“Super School” Project Challenge: Seven Steps to Re-Inventing High School

The Huffington Post reported recently that Laurene Powell Jobs has pledged $50 million to crowdsource designs for the next American high school. The campaign website, XQ: The Super School Project, makes the case that public high schools have been “frozen in time for the last hundred years while America has gone from the Model T to the Tesla.” What would you do to re-invent high school? Here are some ideas to get you started.sleepy student

1. Start the high school day at an hour when most teenagers are awake. This is a no-brainer, as in there are very few active teenage brains in the early morning hours. Here are some facts to open your eyes if you haven’t experienced the joy of dragging a teenager out of bed at 7:00 a.m. to go to school.

2. Teach meditation. This should really start in elementary school, but we at least need to offer it in high school. Meditation isn’t about religion, it’s about being mindful. Meditation helps kids deal with the stress in their lives effectively and is a good complement to outlets like sports. Meditation also helps improve the learning environment for everyone. Here are some numbers to meditate on.

3. Everyone needs to know some basic personal finance before they leave high school. This could be combined with some practical math including how to set up a spreadsheet or use simple online tools to manage a budget or compare the real costs of various ways of purchasing expensive items like a car. High school students should learn about compounding when it can make a difference – what happens to $1000 invested in their 20’s versus that same amount invested in their 50’s.

4. Make social psychology part of the core curriculum. Social psychology is the study of how people’s thoughts, feelings, and behaviors are influenced by the actual, imagined, or implied presence of others. Since the “influence of others” is the central feature of the high school experience, students need to learn what is happening to them, how and why. One of the things that social psychology tells us is that we are often wrong in explaining why we do things. As a result, we are often not very good at changing our behavior even when we want to change. Interested? Check out the video by Scott Plous, executive director of Social Psychology Network, at this Coursera site. Hint: take a close look at those playing cards.

5. Teach negotiation skills. Many negotiations fail or degrade into conflict because both parties simply don’t know how to negotiate. Negotiation isn’t actually about taking advantage of the other party, it’s about arriving at a sustainable solution that both parties can “live with” or in the best case, a win-win. If only one of the parties knows how to negotiate, it doesn’t work out well. As our worlds become more diverse and we are confronted with more situations that are new to us, negotiation skills are critical. Think this isn’t a problem?

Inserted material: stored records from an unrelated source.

lemma mps_uminus_eq:
  assumes "g \<in> carrier (mps V)"
  shows "- g = \<ominus>\<^bsub>mps V :: (('v \<Rightarrow> nat) \<Rightarrow> 'r::comm_ring_1) ring\<^esub> g"
proof -
  interpret cring "mps V :: (('v \<Rightarrow> nat) \<Rightarrow> 'r) ring"
    by (rule cring_mps)
  show ?thesis
    using assms by (intro minus_equality[symmetric]) (auto simp: carrier_mps mps_ops fun_eq_iff)
qed

lemma mps_diff_eq:
  "f \<in> carrier (mps V) \<Longrightarrow> g \<in> carrier (mps V) \<Longrightarrow>
   f - g = f \<ominus>\<^bsub>mps V :: (('v \<Rightarrow> nat) \<Rightarrow> 'r::comm_ring_1) ring\<^esub> g"
  by (simp add: a_minus_def mps_ops mps_uminus_eq[symmetric])

lemma mps_pow_eq:
  assumes "f \<in> carrier (mps V)"
  shows "mps_pow f n = f [^]\<^bsub>mps V :: (('v \<Rightarrow> nat) \<Rightarrow> 'r::comm_ring_1) ring\<^esub> n"
proof -
  interpret cring "mps V :: (('v \<Rightarrow> nat) \<Rightarrow> 'r) ring"
    by (rule cring_mps)
  show ?thesis
  proof (induction n)
    case (Suc n)
    then show ?case
      using assms by (simp add: mps_pow_def mps_ops m_comm) (rule mps_mult_commute)
  qed (simp add: mps_pow_def mps_ops)
qed

lemma mps_pow_closed: "f \<in> carrier (mps V) \<Longrightarrow> mps_pow f n \<in> carrier (mps V)"
  by (induction n) (simp_all add: mps_pow_def mps_const_closed mps_mult_closed)

lemma mps_sum_eq:
  assumes "f \<in> I \<rightarrow> carrier (mps V)"
  shows "sum f I = finsum (mps V :: (('v \<Rightarrow> nat) \<Rightarrow> 'r::comm_ring_1) ring) f I"
proof -
  interpret cring "mps V :: (('v \<Rightarrow> nat) \<Rightarrow> 'r) ring"
    by (rule cring_mps)
  show ?thesis
    using assms
  proof (induction I rule: infinite_finite_induct)
    case (insert x F)
    then show ?case
      by (simp add: finsum_insert mps_ops)
  qed (simp_all add: mps_ops zero_fun_def finsum_infinite)
qed

lemma mps_sum_closed:
  fixes f :: "'i \<Rightarrow> ('v \<Rightarrow> nat) \<Rightarrow> 'r::comm_ring_1"
  assumes "f \<in> I \<rightarrow> carrier (mps V)"
  shows "sum f I \<in> carrier (mps V)"
proof -
  interpret cring "mps V :: (('v \<Rightarrow> nat) \<Rightarrow> 'r) ring"
    by (rule cring_mps)
  show ?thesis
    using assms by (simp add: mps_sum_eq)
qed

lemma sqfree_mon_closed:
  assumes "finite S" "S \<subseteq> V"
  shows "sqfree_mon S \<in> carrier (mps V)"
proof -
  have "{x. (if x \<in> S then 1 else 0 :: nat) \<noteq> 0} = S"
    by auto
  then show ?thesis
    using assms by (simp add: carrier_mps sqfree_mon_def mps_monomials_def)
qed

lemma mvar_closed: "a \<in> V \<Longrightarrow> mvar a \<in> carrier (mps V)"
  by (auto simp: carrier_mps mvar_def mps_monomials_def)

lemma mps_mult_mvar:
  assumes a: "a \<in> V" and f: "f \<in> carrier (mps V)"
  shows "mps_mult (mvar a) f \<alpha> = (if 1 \<le> \<alpha> a then f (\<alpha> - 0(a := 1)) else 0)"
proof (cases "\<alpha> \<in> mps_monomials V")
  case False
  have "0(a := 1) \<in> mps_monomials V"
    using a by (simp add: mps_monomials_def)
  moreover have "0(a := 1) \<le> \<alpha>" if "1 \<le> \<alpha> a"
    using that by (simp add: le_fun_def)
  ultimately have "f (\<alpha> - 0(a := 1)) = 0" if "1 \<le> \<alpha> a"
    using that False f mps_monomials_diff[of "0(a := 1)" \<alpha> V] by (auto simp: carrier_mps)
  then show ?thesis
    using mps_mult_outside[OF mvar_closed[OF a] f False] by simp
next
  case True
  then have "finite {\<beta>. \<beta> \<le> \<alpha>}"
    by (simp add: mps_monomials_def finite_below_monomial)
  moreover have "mps_mult (mvar a) f \<alpha> =
                 (\<Sum>\<beta>\<in>{\<beta>. \<beta> \<le> \<alpha>}. if \<beta> = 0(a := 1) then f (\<alpha> - \<beta>) else 0)"
    unfolding mps_mult_def mvar_def by (rule sum.cong) (auto simp: fun_eq_iff)
  moreover have "0(a := 1) \<le> \<alpha> \<longleftrightarrow> 1 \<le> \<alpha> a"
    by (auto simp: le_fun_def)
  ultimately show ?thesis
    by (simp add: sum.delta')
qed

lemma mvar_mult_mvar:
  assumes "a \<in> V" "b \<in> V" "a \<noteq> b"
  shows "mps_mult (mvar a) (mvar b) = sqfree_mon {a, b}"
proof
  fix \<alpha> :: "_ \<Rightarrow> nat"
  have "1 \<le> \<alpha> a \<and> \<alpha> - 0(a := 1) = (\<lambda>y. if y = b then 1 else 0) \<longleftrightarrow>
        \<alpha> = (\<lambda>y. if y \<in> {a, b} then 1 else 0)"
  proof
    assume h: "1 \<le> \<alpha> a \<and> \<alpha> - 0(a := 1) = (\<lambda>y. if y = b then 1 else 0)"
    show "\<alpha> = (\<lambda>y. if y \<in> {a, b} then 1 else 0)"
    proof
      fix y
      have "\<alpha> y - (0(a := 1)) y = (if y = b then 1 else 0)"
        using h by (simp add: fun_eq_iff)
      then show "\<alpha> y = (if y \<in> {a, b} then 1 else 0)"
        using h assms(3) by (auto split: if_splits)
    qed
  qed (use assms(3) in \<open>auto simp: fun_eq_iff\<close>)
  then show "mps_mult (mvar a) (mvar b) \<alpha> = sqfree_mon {a, b} \<alpha>"
    unfolding mps_mult_mvar[OF assms(1) mvar_closed[OF assms(2)]]
    by (simp only: mvar_def sqfree_mon_def if_if_eq_conj)
qed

Take a look a Congress.

6. Put the online video game industry to work for education. My dream is that someone with deep pockets will get together with top game designers and create a massively multi-player online role-playing game (MMORPG) where all the “incidental learning” is real. You learn real physics and math to navigate the galaxy, real chemistry to make your armor, real negotiation skills to get resources, real geology to mine for precious metals, real languages to communicate with other groups, real economics to manage the in-game economy. There is already a lot of learning going on in these games, both social and technical, not to mention political. Think of it as World of Warcraft meets the Khan Academy. There are huge benefits to exploring the nexus of fun and learning. Check out this game-based school to learn more.

7. Reduce class size. In most of the new models of education, teachers do a lot more coaching to provide more focused support of learning for each student. For the average professional football team in the US, there is a ratio of about three players to each coach, and these players are professionals who are already supposed to know what they are doing. In public high schools, the average class size is about 27.  You do the math – or were there 34 kids in your math class, too?

What are your top seven ideas for re-inventing high school?



3 responses to ““Super School” Project Challenge: Seven Steps to Re-Inventing High School”

  1. Great ideas. The one I would add is music education. Research is beginning to show the positive impact of music education on the brain. Rather than teaching splinter skills like test preparation, a priority should be on developing the brains overall capacity.

  2. Yes, I fully agree. Music is a great way to teach systems thinking. Music is also a great way to understand how memory works. And of course, it is another form of meditation!

  3. Nice points. 1) Physical education should be required. High school sports have pretty much gotten professionalized where only people that want to dedicate their lives to a sport get to play. This is to the detriment of everybody. 2) Send aggressive/ADD/intelligent kids that spend high school goofing off or smoking pot to some alternative school after their sophomore year. Keeping them mainstream is a detriment to everybody (especially themselves). 3) Manufacture small group settings of diverse students to tackle small problems to reduce social friction and promote intermingling among jocks/nerds or quiet types/loud types. 4) Have less structured class rooms (i.e. bean bag chairs, video lectures) BUT instead enforce more discipline/structure upon actual deliverables (i.e. real-time consequences for under performance). That’s all I got.